Why We Invest Equity in Residential and Multi-Family Properties
We focus our investments in multi-family income producing properties, ensuring strong management to produce consistent double-digit monthly cash flow. We believe that apartments provide consistency and stability even when the market is in a recession, especially when purchased at distressed or undervalued pricing. We focus on buying properties that we project we will be able to generate 12%+ annual cash-on-cash returns within 15 months of acquisition.
Nationally, rentership is on the rise, homeownership is on the decline, family formation is happening later in life, and those who do buy a home are doing so later in life.
Why Class B and C Multi-Family?
We primarily focus on Class B and C multi-family properties. Class B and C refers to properties that are not “luxury” in quality. Typically, built prior to the early 2000’s, these properties do not have the amenities of newer communities and usually command much lower rents.
We focus on these assets for a number of reasons:
- Cash Flow. Typically Class B and C properties sell at significantly higher cap rates and better cash-on-cash returns than Class A properties.

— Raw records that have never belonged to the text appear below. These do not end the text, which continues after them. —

(* Suppose $(\Omega,\mathcal{F},\mathsf{P})$ is atomless and $u$ is a law invariant coherent utility on $L^0$ with determining set $\mathcal{D}$. Let $Y$ be a random variable or random vector. Then for every $X\in L^1_s(\mathcal{D})$, $$u^f(X;Y)=u(\mathsf{E}(X\mid Y)).$$
   Context: Let $(\Omega,\mathcal{F},\mathsf{P})$ be a probability space, $L^0$ the space of all real random variables, and $\mathcal{P}$ the set of probability measures on $\mathcal{F}$ absolutely continuous with respect to $\mathsf{P}$; measures $\mathsf{Q}\in\mathcal{P}$ are identified with their densities. For $\mathsf{Q}\in\mathcal{P}$ and $X\in L^0$, $\mathsf{E}_\mathsf{Q}X:=\mathsf{E}_\mathsf{Q}X^+-\mathsf{E}_\mathsf{Q}X^-$ with the convention $\infty-\infty=-\infty$. A coherent utility on $L^0$ is a map $u:L^0\to[-\infty,\infty]$ of the form $u(X)=\inf_{\mathsf{Q}\in\mathcal{D}}\mathsf{E}_\mathsf{Q}X$ for a nonempty $\mathcal{D}\subseteq\mathcal{P}$; its determining set is the largest such set, $\{\mathsf{Q}\in\mathcal{P}:\mathsf{E}_\mathsf{Q}X\ge u(X)\ \forall X\in L^0\}$. $u$ is law invariant if $u(X)=u(X')$ whenever $X$ and $X'$ have the same distribution. For $\mathcal{C}\subseteq\mathcal{P}$, $L^1_s(\mathcal{C})=\{X\in L^0:\lim_{n\to\infty}\sup_{\mathsf{Q}\in\mathcal{C}}\mathsf{E}_\mathsf{Q}|X|I(|X|>n)=0\}$. For a random vector $Y$, $\mathsf{E}(\mathcal{D}\mid Y):=\{\mathsf{E}(Z\mid Y):Z\in\mathcal{D}\}$ and the factor utility is $u^f(X;Y):=\inf_{\mathsf{Q}\in\mathsf{E}(\mathcal{D}\mid Y)}\mathsf{E}_\mathsf{Q}X$. *)

theory Defs
  imports "HOL-Probability.Probability"
begin

text \<open>Probability measures absolutely continuous w.r.t. P, identified with their densities.\<close>
definition densities :: "'a measure \<Rightarrow> ('a \<Rightarrow> real) set" where
  "densities M = {Z. Z \<in> borel_measurable M \<and> (\<forall>x\<in>space M. 0 \<le> Z x)
                     \<and> integrable M Z \<and> integral\<^sup>L M Z = 1}"

text \<open>E_Q X = E_Q X^+ - E_Q X^- with the convention infinity - infinity = -infinity.\<close>
definition EQ :: "'a measure \<Rightarrow> ('a \<Rightarrow> real) \<Rightarrow> ('a \<Rightarrow> real) \<Rightarrow> ereal" where
  "EQ M Z X =
    (let p = (\<integral>\<^sup>+ x. ennreal (Z x * max (X x) 0) \<partial>M);
         n = (\<integral>\<^sup>+ x. ennreal (Z x * max (- X x) 0) \<partial>M)
     in if n = \<top> then - \<infinity> else enn2ereal p - enn2ereal n)"

definition coherent_utility :: "'a measure \<Rightarrow> (('a \<Rightarrow> real) \<Rightarrow> ereal) \<Rightarrow> bool" where
  "coherent_utility M u \<longleftrightarrow>
     (\<exists>D. D \<noteq> {} \<and> D \<subseteq> densities M \<and>
          (\<forall>X\<in>borel_measurable M. u X = (INF Z\<in>D. EQ M Z X)))"

definition determining_set :: "'a measure \<Rightarrow> (('a \<Rightarrow> real) \<Rightarrow> ereal) \<Rightarrow> ('a \<Rightarrow> real) set" where
  "determining_set M u = {Z \<in> densities M. \<forall>X\<in>borel_measurable M. u X \<le> EQ M Z X}"

definition law_invariant :: "'a measure \<Rightarrow> (('a \<Rightarrow> real) \<Rightarrow> ereal) \<Rightarrow> bool" where
  "law_invariant M u \<longleftrightarrow>
     (\<forall>X\<in>borel_measurable M. \<forall>X'\<in>borel_measurable M.
        distr M borel X = distr M borel X' \<longrightarrow> u X = u X')"

definition atomless :: "'a measure \<Rightarrow> bool" where
  "atomless M \<longleftrightarrow>
     (\<forall>A\<in>sets M. 0 < measure M A \<longrightarrow>
        (\<exists>B\<in>sets M. B \<subseteq> A \<and> 0 < measure M B \<and> measure M B < measure M A))"
lemma dist_Z_eq_0_iff: "dist_Z x = 0 \<longleftrightarrow> x \<in> \<int>"
proof
  assume "dist_Z x = 0"
  then have "x = of_int (round x)"
    by (simp add: dist_Z_def)
  then show "x \<in> \<int>"
    by (metis Ints_of_int)
next
  assume "x \<in> \<int>"
  then show "dist_Z x = 0"
    by (auto simp: dist_Z_def elim!: Ints_cases)
qed

lemma dist_Z_nat_abs_mult_le: "dist_Z (real (nat \<bar>n\<bar>) * x) \<le> \<bar>of_int n * x - of_int k\<bar>"
proof (cases "n \<ge> 0")
  case True
  then show ?thesis
    using dist_Z_le[of "real (nat \<bar>n\<bar>) * x" k] by simp
next
  case False
  then have "real (nat \<bar>n\<bar>) * x = - (of_int n * x)"
    by simp
  then show ?thesis
    using dist_Z_le[of "of_int n * x" k] dist_Z_minus by simp
qed

section \<open>Counting separated points in a box\<close>

lemma floor_divide_eq_imp_dist_less:
  fixes x y e :: real
  assumes "e > 0" and "\<lfloor>x / e\<rfloor> = \<lfloor>y / e\<rfloor>"
  shows "\<bar>x - y\<bar> < e"
proof -
  have "\<bar>x / e - y / e\<bar> < 1"
    using floor_correct[of "x / e"] floor_correct[of "y / e"] assms(2) by linarith
  then show ?thesis
    using assms(1) by (simp add: diff_divide_distrib[symmetric])
qed

lemma floor_divide_mem_range:
  fixes x A e :: real
  assumes "\<bar>x\<bar> \<le> A" and "e > 0"
  shows "\<lfloor>x / e\<rfloor> \<in> {-\<lceil>A / e\<rceil>..\<lceil>A / e\<rceil>}"
proof -
  have "\<bar>x / e\<bar> \<le> A / e"
    using assms by (simp add: divide_right_mono)
  then have "- (A / e) \<le> x / e" "x / e \<le> A / e"
    by linarith+
  then show ?thesis
    by (simp add: le_floor_iff) linarith
qed

definition sup_separated :: "real \<Rightarrow> (real^'k) set \<Rightarrow> bool" where
  "sup_separated \<delta> S \<longleftrightarrow> (\<forall>x\<in>S. \<forall>y\<in>S. x \<noteq> y \<longrightarrow> (\<exists>k. \<delta> \<le> \<bar>x$k - y$k\<bar>))"

lemma sup_separated_subset: "sup_separated \<delta> S \<Longrightarrow> S' \<subseteq> S \<Longrightarrow> sup_separated \<delta> S'"
  unfolding sup_separated_def by blast

lemma card_le_grid:
  fixes S :: "(real^'k) set" and J :: "'k set"
  assumes e: "e > 0"
    and box: "\<And>x k. x \<in> S \<Longrightarrow> k \<in> J \<Longrightarrow> \<bar>x$k\<bar> \<le> A"
    and sep: "\<And>x y. x \<in> S \<Longrightarrow> y \<in> S \<Longrightarrow> (\<forall>k\<in>J. \<bar>x$k - y$k\<bar> < e) \<Longrightarrow> x = y"
  shows "finite S" and "card S \<le> nat (2 * \<lceil>A / e\<rceil> + 1) ^ card J"
proof -
  define K where "K = \<lceil>A / e\<rceil>"
  define cell where "cell x = (\<lambda>k\<in>J. \<lfloor>x$k / e\<rfloor>)" for x :: "real^'k"
  have "inj_on cell S"
  proof (rule inj_onI)
    fix x y assume "x \<in> S" "y \<in> S" "cell x = cell y"
    then have "\<forall>k\<in>J. \<lfloor>x$k / e\<rfloor> = \<lfloor>y$k / e\<rfloor>"
      unfolding cell_def by (metis restrict_apply')
    then show "x = y"
      using sep[OF \<open>x \<in> S\<close> \<open>y \<in> S\<close>] e floor_divide_eq_imp_dist_less by blast
  qed
  moreover have "cell ` S \<subseteq> PiE J (\<lambda>_. {-K..K})"
    using box e by (auto simp: cell_def K_def simp del: atLeastAtMost_iff intro!: floor_divide_mem_range)
  moreover have "finite (PiE J (\<lambda>_. {-K..K}))"
    by (simp add: finite_PiE)
  ultimately have "finite S" and "card S \<le> card (PiE J (\<lambda>_. {-K..K}))"
    by (metis finite_imageD finite_subset, metis card_image card_mono)
  then show "finite S" and "card S \<le> nat (2 * \<lceil>A / e\<rceil> + 1) ^ card J"
    by (simp_all add: card_PiE K_def)
qed

lemma card_sup_separated_le:
  fixes S :: "(real^'k) set"
  assumes "\<delta> > 0" and "sup_separated \<delta> S" and "\<forall>x\<in>S. \<forall>k. \<bar>x$k\<bar> \<le> A"
  shows "finite S" and "card S \<le> nat (2 * \<lceil>A / \<delta>\<rceil> + 1) ^ CARD('k)"
proof -
  have "x = y" if "x \<in> S" "y \<in> S" "\<forall>k\<in>UNIV. \<bar>x$k - y$k\<bar> < \<delta>" for x y
    using assms(2) that unfolding sup_separated_def by (meson UNIV_I not_le)
  then show "finite S" "card S \<le> nat (2 * \<lceil>A / \<delta>\<rceil> + 1) ^ CARD('k)"
    using card_le_grid[of \<delta> S UNIV A] assms(1,3) by auto
qed

lemma orthogonal_dominant_coordinate:
  fixes w u :: "real^'k"
  assumes orth: "w \<bullet> u = 0" and dom: "\<And>i. \<bar>w$i\<bar> \<le> \<bar>w$j\<bar>" and "w \<noteq> 0"
  shows "\<bar>u$j\<bar> \<le> (\<Sum>i\<in>-{j}. \<bar>u$i\<bar>)"
proof -
  obtain i where "w$i \<noteq> 0"
    using \<open>w \<noteq> 0\<close> by (auto simp: vec_eq_iff)
  then have wj: "\<bar>w$j\<bar> > 0"
    using dom[of i] by linarith
  have "w$j * u$j + (\<Sum>i\<in>-{j}. w$i * u$i) = 0"
    using orth by (simp add: inner_vec_def sum.remove[of UNIV j] Compl_eq_Diff_UNIV)
  then have "\<bar>w$j\<bar> * \<bar>u$j\<bar> = \<bar>\<Sum>i\<in>-{j}. w$i * u$i\<bar>"
    by (simp add: abs_mult[symmetric] eq_neg_iff_add_eq_0[symmetric])
  also have "\<dots> \<le> (\<Sum>i\<in>-{j}. \<bar>w$j\<bar> * \<bar>u$i\<bar>)"
    by (rule order_trans[OF sum_abs sum_mono]) (simp add: abs_mult mult_right_mono dom)
  finally show ?thesis
    using wj by (simp add: sum_distrib_left[symmetric])
qed

lemma card_sup_separated_orthogonal_le:
  fixes S :: "(real^'k) set" and w :: "real^'k"
  assumes "CARD('k) \<ge> 2" and "\<delta> > 0" and sep: "sup_separated \<delta> S"
    and box: "\<forall>x\<in>S. \<forall>k. \<bar>x$k\<bar> \<le> A"
    and "w \<noteq> 0" and orth: "\<forall>x\<in>S. w \<bullet> x = 0"
  shows "card S \<le> nat (2 * \<lceil>A / (\<delta> / (CARD('k) - 1))\<rceil> + 1) ^ (CARD('k) - 1)"
proof -
  have "Max (range (\<lambda>i. \<bar>w$i\<bar>)) \<in> range (\<lambda>i. \<bar>w$i\<bar>)"
    by (rule Max_in) auto
  then obtain j where "\<bar>w$j\<bar> = Max (range (\<lambda>i. \<bar>w$i\<bar>))"
    by (metis imageE)
  then have dom: "\<And>i. \<bar>w$i\<bar> \<le> \<bar>w$j\<bar>"
    by simp
  define e where "e = \<delta> / (CARD('k) - 1)"
  have card_J: "card (-{j}) = CARD('k) - 1"
    by (simp add: Compl_eq_Diff_UNIV card_Diff_singleton)
  have e: "e > 0" "real (card (-{j})) * e = \<delta>"
    using assms(1,2) by (auto simp: e_def card_J)
  have "x = y" if "x \<in> S" "y \<in> S" and close: "\<forall>k\<in>-{j}. \<bar>x$k - y$k\<bar> < e" for x y
  proof (rule ccontr)
    assume "x \<noteq> y"
    have "\<bar>(x - y)$j\<bar> \<le> (\<Sum>i\<in>-{j}. \<bar>(x - y)$i\<bar>)"
      using orth that \<open>w \<noteq> 0\<close> by (intro orthogonal_dominant_coordinate[OF _ dom]) (auto simp: inner_diff_right)
    also have "\<dots> < (\<Sum>i\<in>-{j}. e)"
      using close card_J assms(1) by (intro sum_strict_mono) (auto simp: card_gt_0_iff)
    finally have "\<bar>x$j - y$j\<bar> < \<delta>" using e by simp
    moreover have "e \<le> \<delta>"
      using assms(1,2) by (simp add: e_def divide_le_eq)
    ultimately show False
      using sep that \<open>x \<noteq> y\<close> close unfolding sup_separated_def
      by (metis ComplI not_le order_less_le_trans singletonD)
  qed
  then show ?thesis
    using card_le_grid(2)[OF e(1), of S "-{j}" A] box card_J by (simp add: e_def)
qed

- Supply and Demand. Class B or Class C products are not being built. Instead, there is currently a concentration of high-end, luxury apartments developments underway. In many markets, the average 1 bedroom rent is $1,500-$2,000 per month, while the average 1 bedroom rent in a Class B/C community ranges between $650 and $900 per month. In addition to little new inventory, there is a growing demand for affordable housing.
- Declining Market Protection. We believe that in a recession people will still need a place to live and that many people living in Class A communities will be forced to move to Class B or C communities, so we anticipate occupancy will remain strong in a recession.